Knuckledust – Fight Club ha nostalgia dell’altroieri
Knuckledust – Fight Club è un omaggio a una serie di film d’azione che non sono usciti da abbastanza tempo per giustificare la nostalgia
Se amate un certo cinema di genere fatto di risse, cazzotti, malavita e storie torbide e violente raccontate in film direct-to-video che non troverebbero mai la strada della sala neanche se avessero la miglior distribuzione del mondo ma che conoscono una relativa fama sotterranea grazie al rilascio su piattaforma di streaming o – come si faceva un tempo – in Blu-ray o in DVD (ve li ricordate i DVD?), se, per dire, nel 2012 avete esultato per l’uscita di Universal Soldier: Day of Reckoning o se custodite gelosamente la vostra collezione di VOD di Scott Adkins, se vi riconoscete in queste descrizioni allora Knuckledust – Fight Club potrebbe intrattenervi in una serata moscia. Oppure potrebbe farvi infuriare per il modo in cui si appoggia a film di pochi anni fa trattandoli come se risalissero agli anni Cinquanta, e inventando così la nostalgia istantanea.
No, i film di riferimento sono altri. La storia è quella di un lottatore, Hard Eight (interpretato da Moe Dunford, se avete seguito Vikings ve lo ricorderete nei rubicondi panni di Aethelwulf), al quale viene ordinato, per compiacere un cliente, di farsi ammazzare alla terza ripresa del suo prossimo incontro. Lui si rifiuta, si ribella, ammazza tutti i presenti e anche qualcuno degli assenti; ora che la polizia arriva sul posto è l’unico sopravvissuto alla strage – o ne è l’autore? È quello che la linea comica del film dovrà scoprire. Nessun errore: Knuckledust si sente in dovere di essere non solo un film d’azione, sparatorie e mazzate, ma anche una commedia ironica ai limiti della slapstick. Ci sono le scritte giganti al neon che presentano i personaggi, c’è il poliziotto nerd che dice sempre la cosa sbagliata e rovina tutti i momenti solenni, c’è un tizio che ha massacrato un intero palazzo piano dopo piano come in The Raid, ci sono criminali vestiti come in un film di Guy Ritchie e più colpi di scena e svolte impreviste di… be’, un film di Guy Ritchie, ancora.

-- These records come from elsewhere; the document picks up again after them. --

lemma periodic_correction_coefficients:
  fixes \<Psi> :: "real \<Rightarrow> real" and \<alpha> \<beta> k c s :: real
  assumes "T > 0" and "continuous_on UNIV \<Psi>" and \<Psi>_periodic: "\<forall>t. \<Psi> (t + T) = \<Psi> t"
    and "integral {0..T} \<Psi> = 0" and s_def: "s = integral {0..T} (\<lambda>t. (\<Psi> t)\<^sup>2) / T"
  obtains Q11 Q12 Q22 M
  where "\<And>x. (Q11 has_real_derivative (2 * k - c * \<alpha>) * \<Psi> x + c * ((\<Psi> x)\<^sup>2 - s)) (at x)"
    and "\<And>x. (Q12 has_real_derivative (\<Psi> x)\<^sup>2 - s - \<alpha> * \<Psi> x) (at x)"
    and "\<And>x. (Q22 has_real_derivative - 2 * \<Psi> x) (at x)"
    and "\<And>t. \<bar>Q11 t\<bar> \<le> M" "\<And>t. \<bar>Q12 t\<bar> \<le> M" "\<And>t. \<bar>Q22 t\<bar> \<le> M"
      "\<And>t. \<bar>\<Psi> t\<bar> \<le> M" "\<And>t. \<bar>\<alpha> * \<Psi> t - \<beta> - (\<Psi> t)\<^sup>2\<bar> \<le> M" "\<And>t. \<bar>\<Psi> t - \<alpha>\<bar> \<le> M"
      "1 \<le> M"
proof -
  obtain G1 where G1': "\<And>x. (G1 has_real_derivative \<Psi> x) (at x)" and "\<forall>t. G1 (t + T) = G1 t"
    using periodic_antiderivative[OF assms(1-4)] by blast
  have "(\<lambda>t. (\<Psi> t)\<^sup>2) integrable_on {0..T}"
    using continuous_on_subset[OF \<open>continuous_on UNIV \<Psi>\<close>, of "{0..T}"]
    by (intro integrable_continuous_interval continuous_intros) simp
  then have "integral {0..T} (\<lambda>t. (\<Psi> t)\<^sup>2 - s) = 0"
    using \<open>T > 0\<close> by (subst integral_diff) (auto simp: s_def)
  moreover have "continuous_on UNIV (\<lambda>t. (\<Psi> t)\<^sup>2 - s)"
    using \<open>continuous_on UNIV \<Psi>\<close> by (intro continuous_intros)
  moreover have "\<forall>t. (\<Psi> (t + T))\<^sup>2 - s = (\<Psi> t)\<^sup>2 - s" using \<Psi>_periodic by simp
  ultimately obtain G2 where G2': "\<And>x. (G2 has_real_derivative (\<Psi> x)\<^sup>2 - s) (at x)"
    and "\<forall>t. G2 (t + T) = G2 t"
    using periodic_antiderivative[OF \<open>T > 0\<close>, of "\<lambda>t. (\<Psi> t)\<^sup>2 - s"] by blast
  define Q11 where "Q11 t = (2 * k - c * \<alpha>) * G1 t + c * G2 t" for t
  define Q12 where "Q12 t = G2 t - \<alpha> * G1 t" for t
  define Q22 where "Q22 t = - 2 * G1 t" for t
  have Q11': "(Q11 has_real_derivative (2 * k - c * \<alpha>) * \<Psi> x + c * ((\<Psi> x)\<^sup>2 - s)) (at x)"
    and Q12': "(Q12 has_real_derivative (\<Psi> x)\<^sup>2 - s - \<alpha> * \<Psi> x) (at x)"
    and Q22': "(Q22 has_real_derivative - 2 * \<Psi> x) (at x)" for x
    unfolding Q11_def Q12_def Q22_def by (auto intro!: derivative_eq_intros G1' G2')
  define h where "h t = \<bar>Q11 t\<bar> + \<bar>Q12 t\<bar> + \<bar>Q22 t\<bar> + \<bar>\<Psi> t\<bar> + \<bar>\<alpha> * \<Psi> t - \<beta> - (\<Psi> t)\<^sup>2\<bar> + \<bar>\<Psi> t - \<alpha>\<bar>"
    for t
  have h_continuous: "continuous_on UNIV h"
    unfolding h_def using Q11' Q12' Q22' \<open>continuous_on UNIV \<Psi>\<close>
    by (intro continuous_intros) (metis DERIV_isCont continuous_at_imp_continuous_on)+
  have h_periodic: "\<forall>t. h (t + T) = h t"
    unfolding h_def Q11_def Q12_def Q22_def
    using \<Psi>_periodic \<open>\<forall>t. G1 (t + T) = G1 t\<close> \<open>\<forall>t. G2 (t + T) = G2 t\<close> by simp
  obtain M0 where "\<And>t. \<bar>h t\<bar> \<le> M0"
    using continuous_periodic_bounded[OF \<open>T > 0\<close> h_continuous h_periodic] by blast
  then have h_le: "h t \<le> M0" for t
    using abs_ge_self order_trans by blast
  have "\<bar>Q11 t\<bar> \<le> M0 + 1" "\<bar>Q12 t\<bar> \<le> M0 + 1" "\<bar>Q22 t\<bar> \<le> M0 + 1" "\<bar>\<Psi> t\<bar> \<le> M0 + 1"
    "\<bar>\<alpha> * \<Psi> t - \<beta> - (\<Psi> t)\<^sup>2\<bar> \<le> M0 + 1" "\<bar>\<Psi> t - \<alpha>\<bar> \<le> M0 + 1" "1 \<le> M0 + 1" for t
    using h_le[of t] unfolding h_def by (smt (verit) abs_ge_zero)+
  then show thesis by (rule that[OF Q11' Q12' Q22'])
qed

Non è tutto da buttare. Una sequenza di combattimento tra il protagonista e un gruppo di quelli che non sappiamo come definire se non ninja sadomaso, nella quale Kermack gioca non solo con le inquadrature ma anche con il formato dell’immagine, rimane particolarmente impressa e ci fa desiderare che Knuckledust contenga meno postmodernismo e più sperimentazione di questo genere. La villain di turno, la bellissima e cattivissima femme fatale noir Serena Marcos (Camille Rowe), ci mette più intensità e carisma di quanto il film si meriterebbe, e qualche battuta qui e là è particolarmente azzeccata. È un peccato che Kermack dimostri sempre troppo amore per i suoi modelli e troppo poco coraggio: con una sforbiciata alla lunghezza e qualche idea originale in più, Knuckledust sarebbe potuto diventare un minuscolo classico del genere. Così com’è, è comunque una piattaforma interessante nel caso in cui Kermack trovasse l’ispirazione (e i soldi) per espandere questo universo dai toni Johnwick-iani (e così chiudiamo citando un’altra influenza evidente, e prevedibilissima, del film).